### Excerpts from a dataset
┏━━

lemma isolated_sequence_if_derived_set_empty:
  assumes T: "T \<subseteq> M" "infinite T" "mtopology derived_set_of T = {}"
  shows "\<exists>s::nat \<Rightarrow> 'a. inj s \<and> range s \<subseteq> T \<and> (\<forall>x\<in>M. \<exists>\<epsilon>>0. \<forall>j. d (s j) x < \<epsilon> \<longrightarrow> s j = x)"
proof -
  obtain s :: "nat \<Rightarrow> 'a" where s: "inj s" "range s \<subseteq> T"
    using infinite_countable_subset[OF T(2)] by blast
  have "\<exists>\<epsilon>>0. \<forall>j. d (s j) x < \<epsilon> \<longrightarrow> s j = x" if x: "x \<in> M" for x
  proof -
    obtain \<epsilon> where \<epsilon>: "\<epsilon> > 0" "\<forall>y\<in>T. y \<noteq> x \<longrightarrow> y \<notin> mball x \<epsilon>"
      using T(3) x unfolding metric_derived_set_of by blast
    have "s j = x" if "d (s j) x < \<epsilon>" for j
    proof -
      have "s j \<in> T" using s(2) by blast
      moreover have "s j \<in> mball x \<epsilon>" using that \<open>s j \<in> T\<close> T(1) x commute by auto
      ultimately show ?thesis using \<epsilon>(2) by blast
    qed
    then show ?thesis using \<epsilon>(1) by blast
  qed
  then show ?thesis using s by blast
qed

lemma continuous_map_comp_right_Homeo_on:
  assumes L: "compactin mtopology L" and p: "p \<in> Homeo_on mtopology L"
  shows "continuous_map (Metric_space.mtopology (Homeo_on mtopology L) (sup_dist M d))
           (Metric_space.mtopology (Homeo_on mtopology L) (sup_dist M d)) (\<lambda>h. h \<circ> p)"
proof -
  define H where "H = Homeo_on mtopology L"
  interpret H: Metric_space H "sup_dist M d" unfolding H_def by (rule Metric_space_Homeo_on[OF L])
  have pM: "p ` M = M" using Homeo_on_image_topspace[OF p] by simp
  have "continuous_map H.mtopology H.mtopology (\<lambda>h. h \<circ> p)"
    unfolding H.metric_continuous_map[OF H.Metric_space_axioms]
  proof (intro conjI ballI allI impI)
    show "(\<lambda>h. h \<circ> p) ` H \<subseteq> H" using comp_in_Homeo_on p unfolding H_def by blast
    fix a \<epsilon> assume "\<epsilon> > (0::real)"
    then show "\<exists>\<delta>>0. \<forall>x. x \<in> H \<and> sup_dist M d a x < \<delta> \<longrightarrow> sup_dist M d (a \<circ> p) (x \<circ> p) < \<epsilon>"
      by (intro exI[of _ \<epsilon>]) (simp add: sup_dist_comp_right[OF pM])
  qed
  then show ?thesis unfolding H_def .
qed

lemma locally_compact_Homeo_on_if_compact_mcball:
  assumes L: "compactin mtopology L" and r: "r > 0"
    and cpt: "compactin (Metric_space.mtopology (Homeo_on mtopology L) (sup_dist M d))
                (Metric_space.mcball (Homeo_on mtopology L) (sup_dist M d) id r)"
  shows "locally_compact_space (compact_open mtopology (Homeo_on mtopology L))"
proof -
  define H where "H = Homeo_on mtopology L"
  interpret H: Metric_space H "sup_dist M d" unfolding H_def by (rule Metric_space_Homeo_on[OF L])
  have "\<exists>U K. openin H.mtopology U \<and> compactin H.mtopology K \<and> p \<in> U \<and> U \<subseteq> K" if p: "p \<in> H" for p
  proof (intro exI conjI)
    define \<tau> where "\<tau> = (\<lambda>h::'a \<Rightarrow> 'a. h \<circ> p)"
    have "continuous_map H.mtopology H.mtopology \<tau>"
      unfolding \<tau>_def H_def by (rule continuous_map_comp_right_Homeo_on[OF L p[unfolded H_def]])
    then show "compactin H.mtopology (\<tau> ` H.mcball id r)"
      using cpt[folded H_def] by (rule image_compactin[rotated])
    show "H.mball p r \<subseteq> \<tau> ` H.mcball id r"
    proof
      fix h assume h: "h \<in> H.mball p r"
      define p' where "p' = homeo_inv mtopology p"
      have p': "p' \<in> H" "p \<circ> p' = id" "p' \<circ> p = id"
        using homeo_inv_in_Homeo_on comp_homeo_inv homeo_inv_comp p unfolding p'_def H_def by blast+
      have p'M: "p' ` M = M" using Homeo_on_image_topspace[of p' mtopology L] p'(1) unfolding H_def by simp
      have "sup_dist M d id (h \<circ> p') = sup_dist M d (p \<circ> p') (h \<circ> p')"
        unfolding p'(2) ..
      also have "\<dots> = sup_dist M d p h" by (rule sup_dist_comp_right[OF p'M])
      finally have "sup_dist M d id (h \<circ> p') < r" using h by simp
      moreover have "h \<in> H" using h by simp
      then have "h \<circ> p' \<in> H" "id \<in> H"
        using p'(1) comp_in_Homeo_on id_in_Homeo_on unfolding H_def by auto
      ultimately have "h \<circ> p' \<in> H.mcball id r" by simp
      moreover have "\<tau> (h \<circ> p') = h" unfolding \<tau>_def comp_assoc p'(3) by simp
      ultimately show "h \<in> \<tau> ` H.mcball id r" by (metis rev_image_eqI)
    qed
    show "openin H.mtopology (H.mball p r)" by simp
    show "p \<in> H.mball p r" using p r by simp
  qed
  then have "locally_compact_space H.mtopology"
    unfolding locally_compact_space_def H.topspace_mtopology by blast
  then show ?thesis by (simp only: compact_open_Homeo_on_eq_sup_metric[OF L] H_def)
qed

lemma isolated_sequence_near_id_Homeo_on:
  assumes L: "compactin mtopology L"
    and nlc: "\<not> locally_compact_space (compact_open mtopology (Homeo_on mtopology L))"
    and r: "r > 0"
  shows "\<exists>s::nat \<Rightarrow> 'a \<Rightarrow> 'a. inj s \<and> (\<forall>j. s j \<in> Homeo_on mtopology L \<and> sup_dist M d (s j) id < r)
          \<and> (\<forall>h\<in>Homeo_on mtopology L. \<exists>\<epsilon>>0. finite {j. sup_dist M d (s j) h < \<epsilon>})"
proof -
  define H where "H = Homeo_on mtopology L"
  interpret H: Metric_space H "sup_dist M d" unfolding H_def by (rule Metric_space_Homeo_on[OF L])
  define B where "B = H.mcball id (r/2)"
  have "\<not> compactin H.mtopology B"
  proof
    assume "compactin H.mtopology B"
    then have "locally_compact_space (compact_open mtopology H)"
      using locally_compact_Homeo_on_if_compact_mcball[OF L, of "r/2"] r unfolding B_def H_def by simp
    with nlc show False unfolding H_def by contradiction
  qed
  then obtain T where T: "T \<subseteq> B" "infinite T" "B \<inter> H.mtopology derived_set_of T = {}"
    using H.mcball_subset_mspace unfolding H.compactin_eq_Bolzano_Weierstrass B_def by auto
  have "H.mtopology derived_set_of T \<subseteq> H.mtopology closure_of B"
    by (meson T(1) closure_of_mono derived_set_of_subset_closure_of order_trans)
  also have "\<dots> = B" unfolding B_def by (rule closure_of_closedin[OF H.closedin_mcball])
  finally have der: "H.mtopology derived_set_of T = {}" using T(3) by blast
  have "T \<subseteq> H" using T(1) H.mcball_subset_mspace unfolding B_def by blast
  from H.isolated_sequence_if_derived_set_empty[OF this T(2) der]
  obtain s :: "nat \<Rightarrow> 'a \<Rightarrow> 'a" where s: "inj s" "range s \<subseteq> T"
      "\<forall>h\<in>H. \<exists>\<epsilon>>0. \<forall>j. sup_dist M d (s j) h < \<epsilon> \<longrightarrow> s j = h"
    by blast
  have "\<exists>\<epsilon>>0. finite {j. sup_dist M d (s j) h < \<epsilon>}" if h: "h \<in> H" for h
  proof -
    obtain \<epsilon> where \<epsilon>: "\<epsilon> > 0" "\<forall>j. sup_dist M d (s j) h < \<epsilon> \<longrightarrow> s j = h"
      using s(3) h by blast
    then have "{j. sup_dist M d (s j) h < \<epsilon>} \<subseteq> s -` {h}" by auto
    moreover have "finite (s -` {h})" using s(1) by (simp add: finite_vimageI)
    ultimately show ?thesis using \<epsilon>(1) finite_subset by blast
  qed
  moreover have "s j \<in> H \<and> sup_dist M d (s j) id < r" for j
  proof -
    have "s j \<in> B" using s(2) T(1) by blast
    then have "s j \<in> H" "sup_dist M d id (s j) \<le> r/2" unfolding B_def by simp_all
    moreover have "sup_dist M d (s j) id = sup_dist M d id (s j)" by (rule H.commute)
    ultimately show ?thesis using r by simp
  qed
  ultimately show ?thesis using s(1) unfolding H_def by blast
qed

lemma nontrivial_Homeo_on_near_id:
  assumes L: "compactin mtopology L"
    and nlc: "\<not> locally_compact_space (compact_open mtopology (Homeo_on mtopology L))"
    and r: "r > 0"
  shows "\<exists>f\<in>Homeo_on mtopology L. f \<noteq> id \<and> sup_dist M d f id < r"
proof -
  obtain s :: "nat \<Rightarrow> 'a \<Rightarrow> 'a" where "inj s" "\<forall>j. s j \<in> Homeo_on mtopology L \<and> sup_dist M d (s j) id < r"
    using isolated_sequence_near_id_Homeo_on[OF assms] by blast
  moreover have "s 0 \<noteq> s 1" using \<open>inj s\<close> by (simp add: inj_eq)
  ultimately show ?thesis by (metis (full_types))
qed

lemma compact_neighbourhood_if_locally_compact:
  assumes "locally_compact_space mtopology" "compactin mtopology K"
  shows "\<exists>V L. openin mtopology V \<and> compactin mtopology L \<and> K \<subseteq> V \<and> V \<subseteq> L"
  using assms locally_compact_space_compact_closed_compact[of mtopology] Hausdorff_space_mtopology by blast

lemma compact_mcball_if_locally_compact:
  assumes lc: "locally_compact_space mtopology" and x: "x \<in> M"
  shows "\<exists>s>0. compactin mtopology (mcball x s)"
proof -
  obtain V L where VL: "openin mtopology V" "compactin mtopology L" "x \<in> V" "V \<subseteq> L"
    using compact_neighbourhood_if_locally_compact[OF lc, of "{x}"] x by auto
  then obtain s where s: "s > 0" "mball x s \<subseteq> V" unfolding openin_mtopology by blast
  have "mcball x (s/2) \<subseteq> L" using s VL mcball_subset_mball_concentric[of "s/2" s] by fastforce
  then have "compactin mtopology (mcball x (s/2))"
    using closed_compactin[OF VL(2)] closedin_mcball by blast
  then show ?thesis using s by (intro exI[of _ "s/2"]) simp
qed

┗━━

### Exercise
Wherever the string "thesis" occurs in the entries, copy that whole line.

### Your solution
      ultimately show ?thesis using \<epsilon>(2) by blast
    then show ?thesis using \<epsilon>(1) by blast
  then show ?thesis using s by blast
  then show ?thesis unfolding H_def .
  then show ?thesis by (simp only: compact_open_Homeo_on_eq_sup_metric[OF L] H_def)
    ultimately show ?thesis using \<epsilon>(1) finite_subset by blast
    ultimately show ?thesis using r by simp
  ultimately show ?thesis using s(1) unfolding H_def by blast
  ultimately show ?thesis by (metis (full_types))
  then show ?thesis using s by (intro exI[of _ "s/2"]) simp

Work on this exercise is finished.